Once all six bots return clean 200s, test a page with your most important structured data — a product page for ecommerce, a docs page for SaaS, a service page for local business. This confirms that the crawler can reach not just your homepage but the pages that actually matter for AI visibility.
What happens next, and when to expect results
Perplexity reindexes quickly. Within a week of being allowed, most sites see their pages start appearing as Perplexity citation sources for queries they're relevant to. This is the fastest feedback loop and the best way to confirm your allow configuration is working.
ChatGPT Browse picks up changes within days as well, though it only crawls a page when a user query triggers browsing. You can nudge this by searching for specific facts from your site in ChatGPT and watching whether it fetches your page in response. If ChatGPT browses and the result includes your citation, the bot is reaching you.
Training-based knowledge (the version of GPT-4, Claude, or Gemini that runs when browsing is off) updates on a slower schedule — weeks to months, depending on when the model is next retrained. Don't expect to appear in 'cold' model answers immediately, but every day your site is open to GPTBot and ClaudeBot increases the odds that your content ends up in the next training run.
Execution Checklist
- • Open yourdomain.com/robots.txt and add allow sections for GPTBot, ChatGPT-User, OAI-SearchBot, ClaudeBot, PerplexityBot, and Google-Extended.
- • Place AI bot allow sections ABOVE any global 'User-agent: * / Disallow: /' block.
- • Disable Bot Fight Mode or create a skip-rule for AI crawler user agents in Cloudflare (or your equivalent CDN).
- • Check server access logs for the six user agents — confirm 200 responses, not 403/429/block pages.
- • Run curl verification with each user agent against a real content page, not just the homepage.
- • Test a page with structured data to confirm the crawler can reach templated pages, not just static ones.
- • Watch Perplexity over the next week for your site appearing as a citation source for relevant queries.
FAQ
Is one 'User-agent: * / Allow: /' enough, or do I need to name every bot?
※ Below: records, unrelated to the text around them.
lemma absolute_value_gabs: "is_absolute_value (CH U) (RH U) (gle U) (gabs U)"
  unfolding is_absolute_value_def
proof (intro conjI ballI)
  fix x assume "x \<in> carrier (CH U)"
  then obtain Z where Z: "moderate U Z" "x = cls U Z" by (auto elim: ChatE)
  then show "gabs U x \<in> carrier (RH U)" "gle U \<zero>\<^bsub>RH U\<^esub> (gabs U x)"
    by (simp_all add: gabs_cls cls_in_Rhat moderate_norm_net real_net_norm_net
        zero_gle_cls_iff nonneg_norm_net)
  have "negligible U (norm_net Z) \<longleftrightarrow> negligible U Z"
    using negligible_bound_mono[of Z "norm_net Z"] negligible_bound_mono[of "norm_net Z" Z]
    by (auto simp: norm_net_def)
  with Z show "gabs U x = \<zero>\<^bsub>RH U\<^esub> \<longleftrightarrow> x = \<zero>\<^bsub>CH U\<^esub>"
    by (simp add: gabs_cls cls_eq_zero_iff moderate_norm_net)
next
  fix x y assume "x \<in> carrier (CH U)" "y \<in> carrier (CH U)"
  then obtain Z W where Z: "moderate U Z" "x = cls U Z" and W: "moderate U W" "y = cls U W"
    by (auto elim!: ChatE)
  have "norm_net (\<lambda>\<phi>. Z \<phi> * W \<phi>) = (\<lambda>\<phi>. norm_net Z \<phi> * norm_net W \<phi>)"
    unfolding norm_net_def by (simp add: norm_mult)
  with Z W show "gabs U (x \<otimes>\<^bsub>CH U\<^esub> y) = gabs U x \<otimes>\<^bsub>RH U\<^esub> gabs U y"
    by (simp add: gmult_cls gabs_cls moderate_mult moderate_norm_net)
  have "\<forall>\<^sub>F \<phi> in UF. Re (norm_net (\<lambda>\<phi>. Z \<phi> + W \<phi>) \<phi>) \<le> Re (norm_net Z \<phi> + norm_net W \<phi>)"
    by (simp add: norm_net_def norm_triangle_ineq always_eventually)
  then have "gle U (cls U (norm_net (\<lambda>\<phi>. Z \<phi> + W \<phi>))) (cls U (\<lambda>\<phi>. norm_net Z \<phi> + norm_net W \<phi>))"
    using Z W by (intro gle_cls_if_eventually_le)
      (simp_all add: moderate_add moderate_norm_net real_net_norm_net real_net_add)
  with Z W show "gle U (gabs U (x \<oplus>\<^bsub>CH U\<^esub> y)) (gabs U x \<oplus>\<^bsub>RH U\<^esub> gabs U y)"
    by (simp add: gadd_cls gabs_cls moderate_add moderate_norm_net)
qed

end

theorem corollary4p3:
  fixes U :: "('n::finite) test set set"
  assumes "free_ultrafilter_on D0 U"
    and "\<And>n. n \<ge> 1 \<Longrightarrow> Dn n \<in> U"
    and "cplus_good U"
  shows "totally_ordered_field (RH U) (gle U)
       \<and> (\<forall>a\<in>Rhat U. gle U (cls U (\<lambda>_. 0)) a \<longleftrightarrow> (\<exists>b\<in>Rhat U. a = gmult U b b))
       \<and> is_absolute_value (CH U) (RH U) (gle U) (gabs U)"
proof -
  interpret generalized_numbers U
    using assms(1,2) unfolding free_ultrafilter_on_def by unfold_locales blast+
  show ?thesis
    using totally_ordered_field_RH zero_gle_iff_square absolute_value_gabs by blast
qed

end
Technically a wildcard allow works, but it opens your site to every bot including aggressive scrapers and content harvesters you may not want. Named allow sections are safer because they let you keep a default-deny posture for unknown bots while explicitly welcoming the AI crawlers you care about. The extra three minutes of config is worth it.
Does allowing Google-Extended hurt my Google Search rankings?
No. Google-Extended is separate from Googlebot. Googlebot handles search indexing; Google-Extended signals consent for generative AI use. Allowing Google-Extended only affects your presence in Gemini, AI Overviews, and similar Google AI products. Blocking it does not remove you from Google Search, and allowing it does not change your rankings.
Should I also allow ByteDance's Bytespider or Common Crawl's CCBot?
That depends on your goals. Bytespider feeds ByteDance's AI products (including Doubao, which is large in China). CCBot (Common Crawl) is used by many researchers and smaller AI projects to build datasets. Allowing them increases your reach in long-tail AI applications. Blocking them is reasonable if you're concerned about bandwidth costs or content licensing — neither is critical for the top AI products covered in this guide.
How often should I re-check my robots.txt and CDN rules?
At least monthly, and after every CMS update, plugin install, or infrastructure change. WordPress plugins, security tools, and hosting providers frequently regenerate robots.txt or modify bot-management rules without notifying you. We've seen sites go from fully accessible to completely blocked overnight because a WAF update changed its default bot category. Set a recurring reminder, or use a monitoring tool that alerts you when any of the six AI bots stops seeing 200 responses.